Using Distance Resets in Autons

Distance resets are inserted at natural waypoints in the auton where:

The robot is near a wall (sensor range is short and accurate)
The robot has just stopped or is moving slowly (avoids measurement noise)
The robot is approximately perpendicular to the wall (minimizes cosine correction error)
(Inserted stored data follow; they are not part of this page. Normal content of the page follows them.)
(* The sequent calculi $\mathbf{GCE}$, $\mathbf{GCM}$, $\mathbf{GCEN}$, $\mathbf{GCMN}$, $\mathbf{GCMC}$, $\mathbf{GCK}$ are sound and complete for the logics $\mathsf{CE}$, $\mathsf{CM}$, $\mathsf{CEN}$, $\mathsf{CMN}$, $\mathsf{CMC}$, $\mathsf{CK}$ respectively: for every formula $\phi$ of $\mathcal{L}_\triangleright$, the sequent $\Rightarrow\phi$ is derivable in the calculus iff $\phi$ belongs to the corresponding logic.
   Context: Formulas of $\mathcal{L}_\triangleright$ are built from atoms and $\bot$ with $\wedge,\vee,\to$ and binary $\triangleright$; $\top:=\bot\to\bot$. $\mathsf{CE}$ is the smallest set of $\mathcal{L}_\triangleright$-formulas containing all instances of classical tautologies and closed under modus ponens and the rule: from $\phi_0\leftrightarrow\phi_1$ and $\psi_0\leftrightarrow\psi_1$ infer $(\phi_0\triangleright\psi_0)\to(\phi_1\triangleright\psi_1)$. Axiom schemes: (CM) $(\phi\triangleright\psi\wedge\theta)\to(\phi\triangleright\psi)\wedge(\phi\triangleright\theta)$; (CC) $(\phi\triangleright\psi)\wedge(\phi\triangleright\theta)\to(\phi\triangleright\psi\wedge\theta)$; (CN) $\phi\triangleright\top$. $\mathsf{CEN}=\mathsf{CE}+(CN)$, $\mathsf{CM}=\mathsf{CE}+(CM)$, $\mathsf{CMN}=\mathsf{CM}+(CN)$, $\mathsf{CMC}=\mathsf{CM}+(CC)$, $\mathsf{CK}=\mathsf{CMC}+(CN)$ (adding all instances of the schemes as axioms). Sequents are $\Gamma\Rightarrow\Delta$ with $\Gamma,\Delta$ finite multisets of formulas. $\mathbf{G3cp}$ has axioms $\Gamma,p\Rightarrow p,\Delta$ ($p$ atomic) and $\Gamma,\bot\Rightarrow\Delta$, and rules: $(L\wedge)$ from $\Gamma,\phi,\psi\Rightarrow\Delta$ infer $\Gamma,\phi\wedge\psi\Rightarrow\Delta$; $(R\wedge)$ from $\Gamma\Rightarrow\phi,\Delta$ and $\Gamma\Rightarrow\psi,\Delta$ infer $\Gamma\Rightarrow\phi\wedge\psi,\Delta$; $(L\vee)$ from $\Gamma,\phi\Rightarrow\Delta$ and $\Gamma,\psi\Rightarrow\Delta$ infer $\Gamma,\phi\vee\psi\Rightarrow\Delta$; $(R\vee)$ from $\Gamma\Rightarrow\phi,\psi,\Delta$ infer $\Gamma\Rightarrow\phi\vee\psi,\Delta$; $(L\to)$ from $\Gamma\Rightarrow\phi,\Delta$ and $\Gamma,\psi\Rightarrow\Delta$ infer $\Gamma,\phi\to\psi\Rightarrow\Delta$; $(R\to)$ from $\Gamma,\phi\Rightarrow\psi,\Delta$ infer $\Gamma\Rightarrow\phi\to\psi,\Delta$. $\mathbf{G3W}$ is $\mathbf{G3cp}$ plus weakening: from $\Gamma\Rightarrow\Delta$ infer $\Gamma,\phi\Rightarrow\Delta$, resp. $\Gamma\Rightarrow\phi,\Delta$. "$\alpha\Leftrightarrow\beta$" as a premise abbreviates the two premises $\alpha\Rightarrow\beta$, $\beta\Rightarrow\alpha$. Conditional rules: $(CE)$ from $\phi_0\Leftrightarrow\phi_1$ and $\psi_0\Leftrightarrow\psi_1$ infer $\phi_1\triangleright\psi_1\Rightarrow\phi_0\triangleright\psi_0$; $(CM)$ from $\phi_0\Leftrightarrow\phi_1$ and $\psi_1\Rightarrow\psi_0$ infer $\phi_1\triangleright\psi_1\Rightarrow\phi_0\triangleright\psi_0$; $(CMC)$ for $n\ge1$, from $\phi_0\Leftrightarrow\phi_i$ ($1\le i\le n$) and $\psi_1,\dots,\psi_n\Rightarrow\psi_0$ infer $\phi_1\triangleright\psi_1,\dots,\phi_n\triangleright\psi_n\Rightarrow\phi_0\triangleright\psi_0$; $(CN)$ from $\Rightarrow\psi_0$ infer $\Rightarrow\phi_0\triangleright\psi_0$. $\mathbf{GCE},\mathbf{GCM},\mathbf{GCMC}$ are $\mathbf{G3W}$ plus $(CE)$, $(CM)$, $(CMC)$; $\mathbf{GCEN},\mathbf{GCMN},\mathbf{GCK}$ are these plus $(CN)$. The cut rule is not part of the calculi. *)

theory Defs
  imports Main "HOL-Library.Multiset"
begin

datatype 'a form =
    Atom 'a
  | Bot
  | And "'a form" "'a form"
  | Or "'a form" "'a form"
  | Imp "'a form" "'a form"
  | Cond "'a form" "'a form"

definition Top :: "'a form" where "Top = Imp Bot Bot"

definition Iff :: "'a form \<Rightarrow> 'a form \<Rightarrow> 'a form" where
  "Iff a b = And (Imp a b) (Imp b a)"

fun cond_free :: "'a form \<Rightarrow> bool" where
  "cond_free (Atom p) = True"
| "cond_free Bot = True"
| "cond_free (And a b) = (cond_free a \<and> cond_free b)"
| "cond_free (Or a b) = (cond_free a \<and> cond_free b)"
| "cond_free (Imp a b) = (cond_free a \<and> cond_free b)"
| "cond_free (Cond a b) = False"

fun peval :: "('a \<Rightarrow> bool) \<Rightarrow> 'a form \<Rightarrow> bool" where
  "peval v (Atom p) = v p"
| "peval v Bot = False"
| "peval v (And a b) = (peval v a \<and> peval v b)"
| "peval v (Or a b) = (peval v a \<or> peval v b)"
| "peval v (Imp a b) = (peval v a \<longrightarrow> peval v b)"
| "peval v (Cond a b) = False"

definition ptaut :: "nat form \<Rightarrow> bool" where
  "ptaut \<psi> \<longleftrightarrow> cond_free \<psi> \<and> (\<forall>v. peval v \<psi>)"

fun subst :: "(nat \<Rightarrow> 'a form) \<Rightarrow> nat form \<Rightarrow> 'a form" where
  "subst \<sigma> (Atom p) = \<sigma> p"
| "subst \<sigma> Bot = Bot"
| "subst \<sigma> (And a b) = And (subst \<sigma> a) (subst \<sigma> b)"
| "subst \<sigma> (Or a b) = Or (subst \<sigma> a) (subst \<sigma> b)"
| "subst \<sigma> (Imp a b) = Imp (subst \<sigma> a) (subst \<sigma> b)"
| "subst \<sigma> (Cond a b) = Cond (subst \<sigma> a) (subst \<sigma> b)"

definition taut_inst :: "'a form \<Rightarrow> bool" where
  "taut_inst \<phi> \<longleftrightarrow> (\<exists>\<psi> \<sigma>. ptaut \<psi> \<and> \<phi> = subst \<sigma> \<psi>)"

datatype sys = sCE | sCM | sCEN | sCMN | sCMC | sCK

fun hasM :: "sys \<Rightarrow> bool" where
  "hasM sCE = False" | "hasM sCM = True" | "hasM sCEN = False"
| "hasM sCMN = True" | "hasM sCMC = True" | "hasM sCK = True"

fun hasC :: "sys \<Rightarrow> bool" where
  "hasC sCE = False" | "hasC sCM = False" | "hasC sCEN = False"
| "hasC sCMN = False" | "hasC sCMC = True" | "hasC sCK = True"

fun hasN :: "sys \<Rightarrow> bool" where
  "hasN sCE = False" | "hasN sCM = False" | "hasN sCEN = True"
| "hasN sCMN = True" | "hasN sCMC = False" | "hasN sCK = True"

inductive thm_in :: "sys \<Rightarrow> 'a form \<Rightarrow> bool" for s :: sys where
  taut: "taut_inst \<phi> \<Longrightarrow> thm_in s \<phi>"
| mp: "thm_in s (Imp \<phi> \<psi>) \<Longrightarrow> thm_in s \<phi> \<Longrightarrow> thm_in s \<psi>"
| RCE: "thm_in s (Iff \<phi>0 \<phi>1) \<Longrightarrow> thm_in s (Iff \<psi>0 \<psi>1) \<Longrightarrow>
        thm_in s (Imp (Cond \<phi>0 \<psi>0) (Cond \<phi>1 \<psi>1))"
| axCM: "hasM s \<Longrightarrow>
        thm_in s (Imp (Cond \<phi> (And \<psi> \<theta>)) (And (Cond \<phi> \<psi>) (Cond \<phi> \<theta>)))"
| axCC: "hasC s \<Longrightarrow>
        thm_in s (Imp (And (Cond \<phi> \<psi>) (Cond \<phi> \<theta>)) (Cond \<phi> (And \<psi> \<theta>)))"
| axCN: "hasN s \<Longrightarrow> thm_in s (Cond \<phi> Top)"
Call syntax used in skills

src/autons/autons.cpp// Reset X position using distanceBack (facing the West wall at −70.4375")
chassis.tareXPos(-70.4375, &distanceBack, -2.75, 1.00);

// Reset Y position using distanceRight (facing South wall at −70.4375")
// M_PI/2 offset because the sensor faces right (90° from forward)
chassis.tareYPos(-70.4375, &distanceRight, -4.75, 1.00, M_PI/2);

Parameter	Value	Meaning
`wallInchesFromOrigin`	`−70.4375`	South or West field wall
`localizer`	`&distanceBack`	The back-mounted distance sensor
`sensorOffset`	`−2.75`	Sensor is 2.75" behind the robot center
`scaleFactor`	`1.00`	No scaling correction needed (tuned on field)
`sensorRotationOffset`	`M_PI/2`	Right-facing sensor; add 90° before cosine

Placement strategy in the skills run

In the skills auton, resets happen whenever the robot turns to face a wall before moving to a scoring position. A typical sequence:

src/autons/autons.cpp  (skills)// After clearing the park zone, robot is near the corner.
// Turn to face the nearest walls and reset both axes.
chassis.turnToHeading(90, 10000, {.minSpeed = 20}, false);
chassis.tareXPos(-70.4375, &distanceBack,  -2.75, 1.00);        // ← X reset
chassis.tareYPos(-70.4375, &distanceRight, -4.75, 1.00, M_PI/2); // ← Y reset

// Now navigate to goal — odometry is corrected, moves will be accurate.
chassis.turnToPoint(-1.65 * TILE_UNIT, -2 * TILE_UNIT, 10000);
chassis.moveToPoint(-1.65 * TILE_UNIT, -2 * TILE_UNIT, 10000);

Bonus: GPS as a Fallback Reset

Before distance sensors were used, the robot used a VEX GPS sensor for position correction. The GPS sensor reads field-tape-based visual landmarks to get an absolute position. The tareGps method in chassis.hpp implements this:

include/systems/chassis.hppvoid tareGps(pros::Gps *gps, bool heading = false) {
  pros::gps_position_s_t position = gps->get_position();
  double x = position.x * 39.37008; // meters → inches
  double y = position.y * 39.37008;
  double theta = gps->get_heading();

  // Optionally also reset the heading from GPS
  this->setPose(x, y, heading ? theta : this->getPose().theta);
}

GPS works well when the field tape is clean and the sensor has line-of-sight. However, it failed during an early skills run this season, which is why distance sensors are now the primary correction method.

Practical Tips

✅

Always stop before resetting. Even a slight vibration while the sensor is reading introduces noise. Call waitUntilDone() (or make the preceding move synchronous) before calling tareXPos / tareYPos.

✅

Test on the actual competition field. The exact distance of the walls from the field center varies slightly between fields (field setup tolerances). Measure with a tape measure on comp day and adjust wallInchesFromOrigin if needed. The loaderOffset variable in autons.cpp exists for exactly this reason.

⚠️

Clear field walls are inconsistent. The transparent acrylic field panels scatter the sensor's infrared beam unpredictably. For best results, only use distance resets when facing the wall head-on and the sensor is aimed at the aluminium base rail, not the clear panel.

ℹ️

Three readings are taken but you can increase this. The current implementation averages 3 readings. Increasing to 5 (as in tareXPos) reduces noise further at the cost of a small time penalty (~100 ms). For a skills run where accuracy matters more than time, use more readings.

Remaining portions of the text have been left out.